Dataset entries:
--- START ---

(* Assume $\gamma:=\sum_{k,m\ge1}p_kp_m\gamma_{k,m}<\infty$. Then the quantity \[ v=1-\frac2\gamma\,\mathbb{E}\Big(\xi_0\frac{\mathcal C(\mathbf{T}_0^* )}{\mathcal C(\mathbf{T})}\Big) \] is strictly positive.
   Context: Let $(p_j)_{j\ge 0}$ be an offspring distribution with $p_0=0$ and $\mu:=\sum_{j\ge1} j p_j\in(1,\infty)$. For a vertex $x$ of a tree, its index is $\hat\iota(x)=\deg(x)-1$. For every unordered pair $\{k,m\}$ of positive integers let $\tilde\mu_{k,m}=\tilde\mu_{m,k}$ be a probability law on $(0,\infty)$ with mean $\gamma_{k,m}\in(0,\infty]$. The augmented weighted Galton--Watson tree (law $\mathbb{P}$, expectation $\mathbb{E}$) is constructed as follows: choose $k\ge1$ with probability $p_k$; the root $\mathbf{o}$ has $k+1$ neighbours $w_0,\dots,w_k$ joined by edges $\ell_0,\dots,\ell_k$; each $w_j$ is the root of an independent Galton--Watson tree $\mathbf{T}_j$ with offspring law $(p_j)$ (so every non-root vertex has index equal to its number of children). Conditionally on the tree, the conductances $\xi(e)>0$ are independent, an edge joining vertices of indices $k$ and $m$ having law $\tilde\mu_{k,m}$. Write $\xi_0=\xi(\ell_0)$. $\mathcal C(\cdot)$ denotes the effective conductance from the root to infinity of a weighted rooted tree; $\mathbf{T}_0^*$ denotes $\mathbf{T}_0$ (rooted at $w_0$) together with the edge $\ell_0$, rooted at $\mathbf{o}$. (This $v$ is the almost sure limit of $|X_n|/n$ for the random walk started at $\mathbf{o}$ jumping from $x$ to neighbour $y$ with probability $\xi(x,y)/\sum_{z\sim x}\xi(x,z)$.) *)

theory Defs
  imports "HOL-Probability.Probability"
begin

text \<open>
Vertices of the augmented Galton--Watson tree are encoded as lists of natural numbers
(Ulam--Harris labels, written in reverse: the child number i of vertex x is i # x). An offspring field N : nat list => nat is sampled i.i.d. with law p.
The root has N [] + 1 children w_0 = [0], ..., w_k = [k] (so its index is k = N []),
and every non-root vertex x has N x children (so its index is N x).
\<close>

definition nchild :: "(nat list \<Rightarrow> nat) \<Rightarrow> nat list \<Rightarrow> nat" where
  "nchild N x = (if x = [] then Suc (N []) else N x)"

text \<open>Conductances: for every vertex x and every pair (k,m) an independent variable
Xi x k m with law mu k m is sampled; the edge from the parent x to its child i # x
(indices N x and N (i # x)) gets conductance Xi (i # x) (N x) (N (i # x)).
Conditionally on the tree these are independent with the required laws.\<close>

fun cond_edge :: "(nat list \<Rightarrow> nat) \<Rightarrow> (nat list \<Rightarrow> nat \<Rightarrow> nat \<Rightarrow> real) \<Rightarrow> nat list \<Rightarrow> real" where
  "cond_edge N Xi [] = 0"
| "cond_edge N Xi (i # x) = Xi (i # x) (N x) (N (i # x))"

text \<open>Series composition of two conductances (with 1/0 = infinity, 1/infinity = 0).\<close>
definition ser :: "ennreal \<Rightarrow> ennreal \<Rightarrow> ennreal" where
  "ser a b = inverse (inverse a + inverse b)"

text \<open>Effective conductance from vertex x to the vertices n generations below x
(those vertices shorted together), within the subtree of x.\<close>
primrec cond_level :: "(nat list \<Rightarrow> nat) \<Rightarrow> (nat list \<Rightarrow> nat \<Rightarrow> nat \<Rightarrow> real) \<Rightarrow> nat \<Rightarrow> nat list \<Rightarrow> ennreal" where
  "cond_level N Xi 0 x = \<top>"
| "cond_level N Xi (Suc n) x =
     (\<Sum>i<nchild N x. ser (ennreal (cond_edge N Xi (i # x))) (cond_level N Xi n (i # x)))"

definition eff_cond :: "(nat list \<Rightarrow> nat) \<Rightarrow> (nat list \<Rightarrow> nat \<Rightarrow> nat \<Rightarrow> real) \<Rightarrow> nat list \<Rightarrow> ennreal" where
  "eff_cond N Xi x = (INF n. cond_level N Xi n x)"

definition C_T :: "(nat list \<Rightarrow> nat) \<Rightarrow> (nat list \<Rightarrow> nat \<Rightarrow> nat \<Rightarrow> real) \<Rightarrow> ennreal" where
  "C_T N Xi = eff_cond N Xi []"

definition xi0 :: "(nat list \<Rightarrow> nat) \<Rightarrow> (nat list \<Rightarrow> nat \<Rightarrow> nat \<Rightarrow> real) \<Rightarrow> real" where
  "xi0 N Xi = cond_edge N Xi [0]"

text \<open>C(T_0^*): T_0 (rooted at w_0) plus the edge l_0, rooted at the root.\<close>
definition C_T0star :: "(nat list \<Rightarrow> nat) \<Rightarrow> (nat list \<Rightarrow> nat \<Rightarrow> nat \<Rightarrow> real) \<Rightarrow> ennreal" where
  "C_T0star N Xi = ser (ennreal (xi0 N Xi)) (eff_cond N Xi [0])"

text \<open>Laws mu k m are only relevant for k, m >= 1; fill the rest with a dummy law.\<close>
definition mu_ext :: "(nat \<Rightarrow> nat \<Rightarrow> real measure) \<Rightarrow> nat \<Rightarrow> nat \<Rightarrow> real measure" where
  "mu_ext \<mu> k m = (if 1 \<le> k \<and> 1 \<le> m then \<mu> k m else return borel 1)"

definition gw_space :: "nat pmf \<Rightarrow> (nat \<Rightarrow> nat \<Rightarrow> real measure)
    \<Rightarrow> ((nat list \<Rightarrow> nat) \<times> (nat list \<Rightarrow> nat \<Rightarrow> nat \<Rightarrow> real)) measure" where
  "gw_space p \<mu> =
     (\<Pi>\<^sub>M x\<in>UNIV. measure_pmf p) \<Otimes>\<^sub>M
     (\<Pi>\<^sub>M x\<in>UNIV. \<Pi>\<^sub>M k\<in>UNIV. \<Pi>\<^sub>M m\<in>UNIV. mu_ext \<mu> k m)"

definition gamma_km :: "(nat \<Rightarrow> nat \<Rightarrow> real measure) \<Rightarrow> nat \<Rightarrow> nat \<Rightarrow> ennreal" where
  "gamma_km \<mu> k m = (\<integral>\<^sup>+ x. ennreal x \<partial>(\<mu> k m))"

definition gamma_tot :: "nat pmf \<Rightarrow> (nat \<Rightarrow> nat \<Rightarrow> real measure) \<Rightarrow> ennreal" where
  "gamma_tot p \<mu> = (\<Sum>k. \<Sum>m. ennreal (pmf p (Suc k) * pmf p (Suc m)) * gamma_km \<mu> (Suc k) (Suc m))"

definition key_expect :: "nat pmf \<Rightarrow> (nat \<Rightarrow> nat \<Rightarrow> real measure) \<Rightarrow> ennreal" where
  "key_expect p \<mu> = (\<integral>\<^sup>+ \<omega>. ennreal (xi0 (fst \<omega>) (snd \<omega>)) * C_T0star (fst \<omega>) (snd \<omega>)
                                / C_T (fst \<omega>) (snd \<omega>) \<partial>gw_space p \<mu>)"

definition speed_v :: "nat pmf \<Rightarrow> (nat \<Rightarrow> nat \<Rightarrow> real measure) \<Rightarrow> real" where
  "speed_v p \<mu> = 1 - 2 / enn2real (gamma_tot p \<mu>) * enn2real (key_expect p \<mu>)"

end

theory Submission
  imports Defs
begin

text \<open>Write \<open>A = \<C>(T\<^sub>0)\<close> and \<open>B\<close> for the conductance to infinity through \<open>\<ell>\<^sub>1, \<dots>, \<ell>\<^sub>k\<close>,
  so that \<open>\<C>(T\<^sub>0\<^sup>*) = \<xi>\<^sub>0 \<oplus> A\<close> (series composition) and \<open>\<C>(T) = \<xi>\<^sub>0 \<oplus> A + B\<close>.
  Rerooting the tree at \<open>w\<^sub>0\<close> preserves its law, fixes \<open>\<xi>\<^sub>0\<close> and exchanges \<open>A\<close> and \<open>B\<close>; so the
  expectation in question does not change when \<open>A\<close> and \<open>B\<close> are exchanged in the integrand.
  Pointwise, the integrand and its exchanged version add up to at most \<open>\<xi>\<^sub>0\<close>, with equality
  only where exactly one of \<open>A\<close>, \<open>B\<close> vanishes. Since \<open>A\<close> and \<open>B\<close> are independent and equally
  distributed, this cannot happen almost surely, so twice the expectation is \<open>< \<bbbE> \<xi>\<^sub>0 = \<gamma>\<close>.\<close>

section \<open>Extended nonnegative reals and series composition\<close>

lemma inverse_ennreal_antimono:
  fixes y y' :: ennreal
  assumes "y \<le> y'"
  shows "inverse y' \<le> inverse y"
proof (cases "y = 0 \<or> y' = top")
  case False
  with assms obtain r r' where "y = ennreal r" "y' = ennreal r'" "0 < r" "r \<le> r'"
    by (cases y rule: ennreal_cases; cases y' rule: ennreal_cases)
       (auto simp: top_unique ennreal_le_iff2)
  then show ?thesis
    by (simp add: inverse_ennreal ennreal_leI le_imp_inverse_le)
qed auto

lemma inverse_inverse_ennreal [simp]: "inverse (inverse (a::ennreal)) = a"
proof (cases a rule: ennreal_cases)
  case (real r)
  then show ?thesis
    by (cases "r = 0") (auto simp: inverse_ennreal)
qed simp

lemma ser_0_right [simp]: "ser a 0 = 0"
  and ser_top_right [simp]: "ser a top = a"
  by (simp_all add: ser_def)

lemma ser_mono_right: "b \<le> b' \<Longrightarrow> ser a b \<le> ser a b'"
  unfolding ser_def by (intro inverse_ennreal_antimono add_left_mono)

lemma ser_le_left: "ser a b \<le> a"
  using ser_mono_right[of b top a] by simp

lemma ser_ennreal:
  assumes x: "0 < x" and r: "0 < r"
  shows "ser (ennreal x) (ennreal r) = ennreal (x * r / (x + r))"
proof -
  have "inverse (ennreal x) + inverse (ennreal r) = ennreal (inverse x + inverse r)"
    using x r by (simp add: inverse_ennreal ennreal_plus)
  then have "ser (ennreal x) (ennreal r) = inverse (ennreal (inverse x + inverse r))"
    by (simp add: ser_def)
  also have "\<dots> = ennreal (inverse (inverse x + inverse r))"
    using x r by (intro inverse_ennreal add_pos_pos) auto
  also have "inverse (inverse x + inverse r) = x * r / (x + r)"
    using x r by (simp add: field_simps)
  finally show ?thesis .
qed

lemma continuous_on_ser: "continuous_on UNIV (ser a)"
  unfolding ser_def[abs_def]
  by (intro continuous_on_inverse_ennreal continuous_on_add_ennreal continuous_on_const continuous_on_id)

lemma tendsto_ser: "(f \<longlongrightarrow> l) F \<Longrightarrow> ((\<lambda>n. ser a (f n)) \<longlongrightarrow> ser a l) F"
  using continuous_on_tendsto_compose[OF continuous_on_ser, of f l F] by simp

lemma borel_measurable_ser [measurable]:
  "f \<in> borel_measurable M \<Longrightarrow> g \<in> borel_measurable M \<Longrightarrow> (\<lambda>\<omega>. ser (f \<omega>) (g \<omega>)) \<in> borel_measurable M"
  unfolding ser_def by (intro borel_measurable_inverse_ennreal borel_measurable_add)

--- END ---

• Work required:
When the word "exchanged" occurs in a line above, list that line.

• Solution:
  expectation in question does not change when \<open>A\<close> and \<open>B\<close> are exchanged in the integrand.
  Pointwise, the integrand and its exchanged version add up to at most \<open>\<xi>\<^sub>0\<close>, with equality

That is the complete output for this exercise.